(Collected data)
• • • •
lemma functorD:
  assumes "is_functor A B Fo Fm"
  shows functor_cat_src: "category A" and functor_cat_tgt: "category B"
    and functor_ob: "X \<in> Obj A \<Longrightarrow> Fo X \<in> Obj B"
    and functor_mor: "f \<in> Mor A \<Longrightarrow> Fm f \<in> Mor B"
    and functor_dom: "f \<in> Mor A \<Longrightarrow> Dom B (Fm f) = Fo (Dom A f)"
    and functor_cod: "f \<in> Mor A \<Longrightarrow> Cod B (Fm f) = Fo (Cod A f)"
    and functor_id: "X \<in> Obj A \<Longrightarrow> Fm (Idm A X) = Idm B (Fo X)"
    and functor_comp: "f \<in> Mor A \<Longrightarrow> g \<in> Mor A \<Longrightarrow> Cod A f = Dom A g \<Longrightarrow> Fm (Comp A g f) = Comp B (Fm g) (Fm f)"
  using assms unfolding is_functor_def hom_def by blast+

lemma is_functor_identity: "category A \<Longrightarrow> is_functor A A (\<lambda>X. X) (\<lambda>f. f)"
  unfolding is_functor_def hom_def by (auto simp: cat_dom cat_cod)

lemma is_functor_compose:
  assumes "is_functor A B F1 F1m" and "is_functor B C F2 F2m"
  shows "is_functor A C (F2 \<circ> F1) (F2m \<circ> F1m)"
  unfolding is_functor_def hom_def
  using functorD[OF assms(1)] functorD[OF assms(2)] by (auto simp: cat_dom cat_cod cat_comp_mor)

lemma is_functor_cong:
  assumes "is_functor A B Fo Fm"
    and "\<And>X. X \<in> Obj A \<Longrightarrow> Fo' X = Fo X" and "\<And>f. f \<in> Mor A \<Longrightarrow> Fm' f = Fm f"
  shows "is_functor A B Fo' Fm'"
  using assms unfolding is_functor_def hom_def by (simp add: cat_dom cat_cod cat_comp_mor cat_id_mor)

lemma is_isoI:
  assumes "category A" "f \<in> Mor A" "g \<in> Mor A" "Dom A g = Cod A f" "Cod A g = Dom A f"
    "Comp A g f = Idm A (Dom A f)" "Comp A f g = Idm A (Cod A f)"
  shows "is_iso A f"
  unfolding is_iso_def hom_def using assms by blast

lemma is_isoE:
  assumes "is_iso A f"
  obtains g where "f \<in> Mor A" "g \<in> Mor A" "Dom A g = Cod A f" "Cod A g = Dom A f"
    "Comp A g f = Idm A (Dom A f)" "Comp A f g = Idm A (Cod A f)"
  using assms unfolding is_iso_def hom_def by blast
• • • •
◆ Work to complete
Nothing may be left out: return each entry exactly as it reads.

◆ Solution for this exercise
lemma functorD:
  assumes "is_functor A B Fo Fm"
  shows functor_cat_src: "category A" and functor_cat_tgt: "category B"
    and functor_ob: "X \<in> Obj A \<Longrightarrow> Fo X \<in> Obj B"
    and functor_mor: "f \<in> Mor A \<Longrightarrow> Fm f \<in> Mor B"
    and functor_dom: "f \<in> Mor A \<Longrightarrow> Dom B (Fm f) = Fo (Dom A f)"
    and functor_cod: "f \<in> Mor A \<Longrightarrow> Cod B (Fm f) = Fo (Cod A f)"
    and functor_id: "X \<in> Obj A \<Longrightarrow> Fm (Idm A X) = Idm B (Fo X)"
    and functor_comp: "f \<in> Mor A \<Longrightarrow> g \<in> Mor A \<Longrightarrow> Cod A f = Dom A g \<Longrightarrow> Fm (Comp A g f) = Comp B (Fm g) (Fm f)"
  using assms unfolding is_functor_def hom_def by blast+

lemma is_functor_identity: "category A \<Longrightarrow> is_functor A A (\<lambda>X. X) (\<lambda>f. f)"
  unfolding is_functor_def hom_def by (auto simp: cat_dom cat_cod)

lemma is_functor_compose:
  assumes "is_functor A B F1 F1m" and "is_functor B C F2 F2m"
  shows "is_functor A C (F2 \<circ> F1) (F2m \<circ> F1m)"
  unfolding is_functor_def hom_def
  using functorD[OF assms(1)] functorD[OF assms(2)] by (auto simp: cat_dom cat_cod cat_comp_mor)

lemma is_functor_cong:
  assumes "is_functor A B Fo Fm"
    and "\<And>X. X \<in> Obj A \<Longrightarrow> Fo' X = Fo X" and "\<And>f. f \<in> Mor A \<Longrightarrow> Fm' f = Fm f"
  shows "is_functor A B Fo' Fm'"
  using assms unfolding is_functor_def hom_def by (simp add: cat_dom cat_cod cat_comp_mor cat_id_mor)

lemma is_isoI:
  assumes "category A" "f \<in> Mor A" "g \<in> Mor A" "Dom A g = Cod A f" "Cod A g = Dom A f"
    "Comp A g f = Idm A (Dom A f)" "Comp A f g = Idm A (Cod A f)"
  shows "is_iso A f"
  unfolding is_iso_def hom_def using assms by blast

lemma is_isoE:
  assumes "is_iso A f"
  obtains g where "f \<in> Mor A" "g \<in> Mor A" "Dom A g = Cod A f" "Cod A g = Dom A f"
    "Comp A g f = Idm A (Dom A f)" "Comp A f g = Idm A (Cod A f)"
  using assms unfolding is_iso_def hom_def by blast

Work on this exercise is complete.